Капеллан улыбается, будто ему и не нагрубили вовсе, будто его появление здесь – приятнейший сюрприз. Это худой невысокий человек пятидесяти с лишним лет с большими глазами и лысой головой. Он достает баночку консервированных груш. Покачивает ею из стороны в сторону, призывно и в то же время с упреком, будто Элизабет – капризная девчонка, которая сама себя морит голодом.
Хорошо, она ему подыграет.
– Терпеть не могу груши, – говорит она.
Мягко и с грустной улыбкой он говорит:
– Дело ведь не в том, что вас лишили уроков поэзии.
Она говорит:
– Да неужели?
– Вам плохо из-за того, что вы сделали с Сильвией.
– Мне плохо из-за того, что меня лишили занятий.
Он качает головой:
– Мы это уже проходили.
– Кто занял мое место в группе? – спрашивает она. – Кто пойдет на поэзию?
– На самом деле вы хотите знать, сможете ли вы себя простить.
– На самом деле я хочу знать, кто, сука, пойдет на поэзию.
Он вздыхает. Они в который раз разыгрывают одну и ту же сцену. Он уже знает – по нему видно, – что сегодня ничего не добьется. Он ставит груши на тумбочку рядом с цветами.
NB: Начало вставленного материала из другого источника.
lemma SC_nonneg: "is_distance P d \<Longrightarrow> 0 \<le> SC d P c"
  unfolding SC_def is_distance_def points_def by (auto intro!: sum_nonneg)

lemma obtain_Min_range:
  fixes g :: "'a::finite \<Rightarrow> 'b::linorder"
  obtains x where "Min (range g) = g x"
proof -
  have "Min (range g) \<in> range g" by (rule Min_in) auto
  then show ?thesis using that by blast
qed

lemma dom_edge_distance_le:
  assumes dist: "is_distance P d" and cons: "consistent P d" and dec: "decisive \<alpha> P d"
    and "0 \<le> \<alpha>" and i: "i < length P" and j: "j < length P" and edge: "dom_edge P a i j"
  shows "d (Inl i) (Inr a) \<le> d (Inl i) (Inr c) + (1 + \<alpha>) * d (Inl j) (Inr c)"
proof -
  define t where "t = top_choice (P ! j)"
  have pts: "Inl i \<in> points P" "Inl j \<in> points P" "\<And>x. Inr x \<in> points P"
    using i j by (auto simp: points_def)
  have nonneg: "0 \<le> (1 + \<alpha>) * d (Inl j) (Inr c)"
    using dist pts \<open>0 \<le> \<alpha>\<close> unfolding is_distance_def by simp
  have "d (Inl i) (Inr a) \<le> d (Inl i) (Inr t)"
    using edge cons i unfolding dom_edge_def weakly_prefers_def consistent_def t_def by auto
  show ?thesis
  proof (cases "t = c")
    case True
    with \<open>d (Inl i) (Inr a) \<le> d (Inl i) (Inr t)\<close> nonneg show ?thesis by simp
  next
    case False
    then have "d (Inl j) (Inr t) \<le> \<alpha> * d (Inl j) (Inr c)"
      using dec j unfolding decisive_def t_def by auto
    moreover have "d (Inl i) (Inr t) \<le> d (Inl i) (Inr c) + d (Inl j) (Inr c) + d (Inl j) (Inr t)"
      using dist pts unfolding is_distance_def by (smt (verit))
    ultimately show ?thesis
      using \<open>d (Inl i) (Inr a) \<le> d (Inl i) (Inr t)\<close> by (simp add: algebra_simps)
  qed
qed

lemma SC_le_of_has_perfect_matching:
  assumes dist: "is_distance P d" and cons: "consistent P d" and dec: "decisive \<alpha> P d"
    and "0 \<le> \<alpha>" and "has_perfect_matching P a"
  shows "SC d P a \<le> (2 + \<alpha>) * SC d P c"
proof -
  obtain \<pi> where \<pi>: "bij_betw \<pi> {..<length P} {..<length P}"
    and edges: "\<forall>i<length P. dom_edge P a i (\<pi> i)"
    using \<open>has_perfect_matching P a\<close> unfolding has_perfect_matching_def by blast
  have "SC d P a \<le> (\<Sum>i<length P. d (Inl i) (Inr c) + (1 + \<alpha>) * d (Inl (\<pi> i)) (Inr c))"
    unfolding SC_def
    using dom_edge_distance_le[OF dist cons dec \<open>0 \<le> \<alpha>\<close>] edges bij_betwE[OF \<pi>]
    by (intro sum_mono) blast
  also have "\<dots> = SC d P c + (1 + \<alpha>) * (\<Sum>i<length P. d (Inl (\<pi> i)) (Inr c))"
    by (simp add: SC_def sum.distrib sum_distrib_left)
  also have "(\<Sum>i<length P. d (Inl (\<pi> i)) (Inr c)) = SC d P c"
    unfolding SC_def using sum.reindex_bij_betw[OF \<pi>, of "\<lambda>j. d (Inl j) (Inr c)"] by simp
  finally show ?thesis by (simp add: algebra_simps)
qed

lemma distortion_le:
  fixes f :: "'c::finite list list \<Rightarrow> 'c"
  assumes "0 \<le> \<alpha>" and "\<forall>P. is_profile P \<longrightarrow> has_perfect_matching P (f P)"
  shows "distortion \<alpha> f \<le> ereal (2 + \<alpha>)"
  unfolding distortion_def
proof (rule SUP_least, clarify, unfold fst_conv snd_conv)
  fix P :: "'c list list" and d
  assume "is_profile P" "is_distance P d" "consistent P d" "decisive \<alpha> P d"
  obtain c where c: "Min (range (SC d P)) = SC d P c" by (rule obtain_Min_range[of "SC d P"])
  have "has_perfect_matching P (f P)" using assms(2) \<open>is_profile P\<close> by blast
  then have "SC d P (f P) \<le> (2 + \<alpha>) * SC d P c"
    by (rule SC_le_of_has_perfect_matching[OF \<open>is_distance P d\<close> \<open>consistent P d\<close>
          \<open>decisive \<alpha> P d\<close> \<open>0 \<le> \<alpha>\<close>])
  then show "ereal (SC d P (f P)) / ereal (Min (range (SC d P))) \<le> ereal (2 + \<alpha>)"
    unfolding c using SC_nonneg[OF \<open>is_distance P d\<close>] \<open>0 \<le> \<alpha>\<close>
    by (intro ereal_divide_le_of_le_mult) simp_all
qed

lemma ranks_above_Nil [simp]: "\<not> ranks_above [] u v"
  by (simp add: ranks_above_def)

lemma ranks_above_Cons [simp]:
  "ranks_above (x # p) u v \<longleftrightarrow> (u = x \<and> v \<in> set p) \<or> ranks_above p u v"
proof
  assume "ranks_above (x # p) u v"
  then obtain k l where kl: "k < l" "l < Suc (length p)" "(x # p) ! k = u" "(x # p) ! l = v"
    unfolding ranks_above_def by auto
  show "(u = x \<and> v \<in> set p) \<or> ranks_above p u v"
  proof (cases k)
    case 0
    with kl show ?thesis by (cases l) auto
  next
    case (Suc k')
    moreover obtain l' where "l = Suc l'" using kl by (cases l) auto
    ultimately have "ranks_above p u v"
      using kl unfolding ranks_above_def by auto
    then show ?thesis ..
  qed
next
  assume "(u = x \<and> v \<in> set p) \<or> ranks_above p u v"
  then show "ranks_above (x # p) u v"
  proof
    assume "u = x \<and> v \<in> set p"
    then obtain l where "l < length p" "p ! l = v" by (auto simp: in_set_conv_nth)
    with \<open>u = x \<and> v \<in> set p\<close> show ?thesis
      unfolding ranks_above_def by (intro exI[of _ 0] exI[of _ "Suc l"]) auto
  next
    assume "ranks_above p u v"
    then obtain k l where "k < l" "l < length p" "p ! k = u" "p ! l = v"
      unfolding ranks_above_def by blast
    then show ?thesis
      unfolding ranks_above_def by (intro exI[of _ "Suc k"] exI[of _ "Suc l"]) auto
  qed
qed

lemma ranks_above_imp_mem: "ranks_above p u v \<Longrightarrow> u \<in> set p \<and> v \<in> set p"
  by (induction p) auto

lemma not_ranks_above_append:
  assumes "distinct (xs @ ys)" and "u \<in> set ys" and "t \<in> set xs"
  shows "\<not> ranks_above (xs @ ys) u t"
  using assms by (induction xs) (auto dest: ranks_above_imp_mem)

lemma not_weakly_prefers_append:
  assumes "distinct (xs @ ys)" and "u \<in> set ys" and "t \<in> set xs"
  shows "\<not> weakly_prefers (xs @ ys) u t"
  using assms not_ranks_above_append unfolding weakly_prefers_def by fastforce

lemma has_perfect_matching_card_le:
  assumes "has_perfect_matching P a" and "S \<subseteq> {..<length P}" and "finite T"
    and "\<And>i j. i \<in> S \<Longrightarrow> j < length P \<Longrightarrow> dom_edge P a i j \<Longrightarrow> j \<in> T"
  shows "card S \<le> card T"
proof -
  obtain \<pi> where \<pi>: "bij_betw \<pi> {..<length P} {..<length P}"
    and edges: "\<forall>i<length P. dom_edge P a i (\<pi> i)"
    using assms(1) unfolding has_perfect_matching_def by blast
  have "inj_on \<pi> S"
    using \<pi> assms(2) bij_betw_imp_inj_on inj_on_subset by blast
  moreover have "\<pi> ` S \<subseteq> T"
    using edges bij_betwE[OF \<pi>] assms(2,4) by blast
  ultimately show ?thesis using \<open>finite T\<close> by (rule card_inj_on_le)
qed

lemma ranks_above_imp_le_of_sorted:
  assumes "sorted (map g p)" and "ranks_above p u v"
  shows "g u \<le> g v"
  using assms unfolding ranks_above_def sorted_iff_nth_mono by fastforce

lemma consistent_if_sorted:
  assumes "\<forall>i<length P. sorted (map (\<lambda>w. d (Inl i) (Inr w)) (P ! i))"
  shows "consistent P d"
  using assms ranks_above_imp_le_of_sorted unfolding consistent_def by fastforce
– Я вернусь, когда будете готовы поговорить о своем поступке, – объявляет он, затем встает и уходит, а она все смотрит на пластиковые цветы.
Эти цветы. Не такие уж они простые. Строят из себя незнамо что. Будто стоят на кухонном столе на какой-нибудь ферме. Будто с них только недавно сняли целлофан. Будто их стебли потягивают влагу.
Но теперь она поняла, почему цветы вызывают в ней столько злости. Они напоминают о Сильвии. О Сильвии, ее бывшей сокамернице, ее бывшей лучшей подруге. О Сильвии, виновнице ее отстранения от занятий и, следовательно, ее болезни.
На кровати Сильвии теперь спит Дженни. Дышит ее воздухом.
Элизабет и Сильвию посадили в один год, почти шестнадцать лет назад, Сильвию – за то, что подожгла дом, в котором, как она полагала, находилась ее тетка (хотя на самом деле там был только дядя, он-то и погиб во время пожара), а Элизабет – за то, что застрелила своего парня, а потом соседа, который все видел. До прошлого месяца Элизабет и Сильвия жили в одной камере.
В тот первый год, почти сразу, почти не сговариваясь, они начали составлять на стене коллаж.